RVing the Oregon coast is a delight



    By Chuck Woodbury
    The Oregon coast is one of the most beautiful places in America and easy to explore with an RV. The pavement is good, there’s not much traffic (except in peak tourist season) and there are many wonderful state park campgrounds (most with hookups and spacious sites for large RVs). 

    U.S. Highway 101 hugs the ocean shore often, and everywhere you turn there’s a state park or U.S. Forest Service campground (some a short walk from the beach). There are many attractions along the way (besides the magnificent beaches). Visit the Sea Lion Caves near Florence or the funky tourist shops in Seaside. Drop by the library in Brookings to see a sword worn by a Japanese aviator who flew a single engine plane, launched from a submarine, into the area during World War II and dropped a few bombs (with fizzling results). It was the only attack on the U.S. mainland during the war by enemy aircraft.

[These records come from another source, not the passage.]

(* Let $p>1$. A scheduling policy $\eta$ is a $p$-approximation policy if it schedules jobs solely based on the requirements $[q^*_X]$ and the state $[d_X(k) : X\in S]$ of the system, and, for every frame $k$, $$\sum_{X\in S}\tilde q_X(k)\,d_X(k)\ \ge\ \frac{1}{p}\ \max_{[q_X]\text{ feasible}}\ \sum_{X\in S} q_X\, d_X(k).$$
   Context: A system consists of a finite set $S$ of tasks. Time is slotted, $t\in\{0,1,2,\dots\}$. Each task $X\in S$ has a period $\tau_X$ (a positive integer); time is partitioned into consecutive periods of $X$ of $\tau_X$ slots each, the first starting at $t=0$, and in each period $X$ has one job, removed at the end of the period. Let $T=\mathrm{lcm}\{\tau_X : X\in S\}$; time is partitioned into consecutive frames of $T$ slots each, the $k$-th frame ($k=1,2,\dots$) being the $k$-th such block starting from $t=0$. A scheduling policy (possibly randomized) chooses in each slot either to idle or to execute the job of exactly one task. Each task $X$ has rewards $r^1_X\ge r^2_X\ge\dots\ge r^{\tau_X}_X\ge 0$: executing the job of $X$ for the $i$-th time within a period yields reward $r^i_X$ to $X$. Let $s_X(t)$ be the total reward obtained by $X$ between time 0 and $t$; the average reward is $q_X=\liminf_{t\to\infty}s_X(t)/(t/T)$. Each task has a minimum requirement $q^*_X>0$; a policy fulfills the system if $q_X\ge q^*_X$ with probability 1 for all $X\in S$. The system (with requirements $[q^*_X]$) is feasible if some policy fulfills it, and strictly feasible if there is $\epsilon>0$ such that the same system with requirements $[(1+\epsilon)q^*_X]$ is feasible. A vector $[q_X : X\in S]$ is called feasible if the system with the same tasks, periods and rewards and requirements $[q_X]$ is feasible. For $p\ge 1$, a policy is a $p$-approximation policy if it fulfills every system with requirements $[q^*_X]$ such that the same system with requirements $[p\,q^*_X]$ is strictly feasible. Let $\tilde q_X(k)$ be the total reward obtained by $X$ during the $k$-th frame. The debt of $X$ is $d_X(0)=0$, $d_X(k)=[d_X(k-1)+q^*_X-\tilde q_X(k)]^+$ for $k>0$, with $[x]^+=\max\{x,0\}$; the state of the system at frame $k$ is $[d_X(k) : X\in S]$. *)

theory Defs
  imports "HOL-Probability.Probability"
begin

text \<open>A schedule assigns to every slot t either None (idle) or Some X (execute the job of X).
  Tasks: set S; periods tau; rewards r X i for the i-th execution (i = 1..tau X) within a period.\<close>

type_synonym 'a schedule = "nat \<Rightarrow> 'a option"

definition frame_len :: "'a set \<Rightarrow> ('a \<Rightarrow> nat) \<Rightarrow> nat" where
  "frame_len S tau = Lcm (tau ` S)"

definition valid_sched :: "'a set \<Rightarrow> 'a schedule \<Rightarrow> bool" where
  "valid_sched S \<sigma> \<longleftrightarrow> (\<forall>t. \<sigma> t = None \<or> (\<exists>X\<in>S. \<sigma> t = Some X))"

definition exec_count :: "('a \<Rightarrow> nat) \<Rightarrow> 'a schedule \<Rightarrow> 'a \<Rightarrow> nat \<Rightarrow> nat" where
  "exec_count tau \<sigma> X t = card {t'. t' \<le> t \<and> t' div tau X = t div tau X \<and> \<sigma> t' = Some X}"

definition slot_reward :: "('a \<Rightarrow> nat) \<Rightarrow> ('a \<Rightarrow> nat \<Rightarrow> real) \<Rightarrow> 'a schedule \<Rightarrow> 'a \<Rightarrow> nat \<Rightarrow> real" where
  "slot_reward tau r \<sigma> X t = (if \<sigma> t = Some X then r X (exec_count tau \<sigma> X t) else 0)"

definition cum_reward :: "('a \<Rightarrow> nat) \<Rightarrow> ('a \<Rightarrow> nat \<Rightarrow> real) \<Rightarrow> 'a schedule \<Rightarrow> 'a \<Rightarrow> nat \<Rightarrow> real" where
  "cum_reward tau r \<sigma> X t = (\<Sum>t'<t. slot_reward tau r \<sigma> X t')"

definition avg_reward :: "'a set \<Rightarrow> ('a \<Rightarrow> nat) \<Rightarrow> ('a \<Rightarrow> nat \<Rightarrow> real) \<Rightarrow> 'a schedule \<Rightarrow> 'a \<Rightarrow> ereal" where
  "avg_reward S tau r \<sigma> X =
     liminf (\<lambda>t. ereal (cum_reward tau r \<sigma> X t / (real t / real (frame_len S tau))))"

definition frame_reward :: "'a set \<Rightarrow> ('a \<Rightarrow> nat) \<Rightarrow> ('a \<Rightarrow> nat \<Rightarrow> real) \<Rightarrow> 'a schedule \<Rightarrow> 'a \<Rightarrow> nat \<Rightarrow> real" where
  "frame_reward S tau r \<sigma> X k =
     (\<Sum>t\<in>{(k - 1) * frame_len S tau ..< k * frame_len S tau}. slot_reward tau r \<sigma> X t)"

primrec debt :: "'a set \<Rightarrow> ('a \<Rightarrow> nat) \<Rightarrow> ('a \<Rightarrow> nat \<Rightarrow> real) \<Rightarrow> ('a \<Rightarrow> real) \<Rightarrow> 'a schedule \<Rightarrow> 'a \<Rightarrow> nat \<Rightarrow> real" where
  "debt S tau r q \<sigma> X 0 = 0"
| "debt S tau r q \<sigma> X (Suc k) = max 0 (debt S tau r q \<sigma> X k + q X - frame_reward S tau r \<sigma> X (Suc k))"

definition sys_state :: "'a set \<Rightarrow> ('a \<Rightarrow> nat) \<Rightarrow> ('a \<Rightarrow> nat \<Rightarrow> real) \<Rightarrow> ('a \<Rightarrow> real) \<Rightarrow> 'a schedule \<Rightarrow> nat \<Rightarrow> 'a \<Rightarrow> real" where
  "sys_state S tau r q \<sigma> k = (\<lambda>X. if X \<in> S then debt S tau r q \<sigma> X k else 0)"

text \<open>The measurable space of (infinite) schedules; a (possibly randomized) policy is
  identified with the law of the schedule it produces.\<close>
definition sched_space :: "'a schedule measure" where
  "sched_space = Pi\<^sub>M UNIV (\<lambda>_::nat. count_space (UNIV :: 'a option set))"

definition fulfills_law :: "'a set \<Rightarrow> ('a \<Rightarrow> nat) \<Rightarrow> ('a \<Rightarrow> nat \<Rightarrow> real) \<Rightarrow> ('a \<Rightarrow> real) \<Rightarrow> 'a schedule measure \<Rightarrow> bool" where
  "fulfills_law S tau r q M \<longleftrightarrow>
     (AE \<sigma> in M. \<forall>X\<in>S. ereal (q X) \<le> avg_reward S tau r \<sigma> X)"

definition feasible :: "'a set \<Rightarrow> ('a \<Rightarrow> nat) \<Rightarrow> ('a \<Rightarrow> nat \<Rightarrow> real) \<Rightarrow> ('a \<Rightarrow> real) \<Rightarrow> bool" where
  "feasible S tau r q \<longleftrightarrow>
     (\<exists>M. prob_space M \<and> sets M = sets sched_space \<and>
          (AE \<sigma> in M. valid_sched S \<sigma>) \<and> fulfills_law S tau r q M)"

definition strictly_feasible :: "'a set \<Rightarrow> ('a \<Rightarrow> nat) \<Rightarrow> ('a \<Rightarrow> nat \<Rightarrow> real) \<Rightarrow> ('a \<Rightarrow> real) \<Rightarrow> bool" where
  "strictly_feasible S tau r q \<longleftrightarrow> (\<exists>\<epsilon>>0. feasible S tau r (\<lambda>X. (1 + \<epsilon>) * q X))"

definition feasible_vec :: "'a set \<Rightarrow> ('a \<Rightarrow> nat) \<Rightarrow> ('a \<Rightarrow> nat \<Rightarrow> real) \<Rightarrow> ('a \<Rightarrow> real) \<Rightarrow> bool" where
  "feasible_vec S tau r q \<longleftrightarrow> (\<forall>X\<in>S. q X > 0) \<and> feasible S tau r q"

text \<open>State-based policy: eta q d is the (random) schedule used within the next frame
  (slot i of the frame, i < T), given requirements q and current state d.\<close>
definition state_policy_wf :: "'a set \<Rightarrow> ('a \<Rightarrow> nat) \<Rightarrow> (('a \<Rightarrow> real) \<Rightarrow> ('a \<Rightarrow> real) \<Rightarrow> 'a schedule pmf) \<Rightarrow> bool" where
  "state_policy_wf S tau \<eta> \<longleftrightarrow>
     (\<forall>q d F. F \<in> set_pmf (\<eta> q d) \<longrightarrow>
        (\<forall>i. frame_len S tau \<le> i \<longrightarrow> F i = None) \<and>
        (\<forall>i. F i = None \<or> (\<exists>X\<in>S. F i = Some X)))"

    Visit the little town of Bandon, where brave souls gather in winter to experience the often foul weather at the “Storm Watching Capital of the Oregon Coast.” Walk to the nearby lighthouse for some wonderful photo opportunities.

    In Newport, visit the incredible aquarium or indulge in great clam chowder at the legendary Mo’s, right on the wharf. Farther north, pause in Tillamook at its famous cheese factory and partake of the tasty free samples. Near the northern tip of the Oregon coast, visit a replica of Fort Clatsop, where explorers Lewis and Clark spent a soggy winter.

    What I like a lot about the Oregon coast (besides its wonderful state parks and campgrounds) are the countless pullouts along the highway where you can park and then stroll to the beach. In the Lincoln City area, keep an eye out for volleyball-sized glass floats that once supported the fishing nets of Japanese fisherman, but broke loose and in most cases drifted at sea for a decade before washing up on shore. It’s rare to find one these days, but the local chamber of commerce plants a couple of thousand small reproductions each year as a publicity gimmick.

    Sad to say that what IS easy to find these days on the beach is debris from the tsumani in Japan in 201 . Bring along a trash bag and pick some up. Or collect a bunch of little plastic pieces like I found and assemble them into a work of art. (see photo).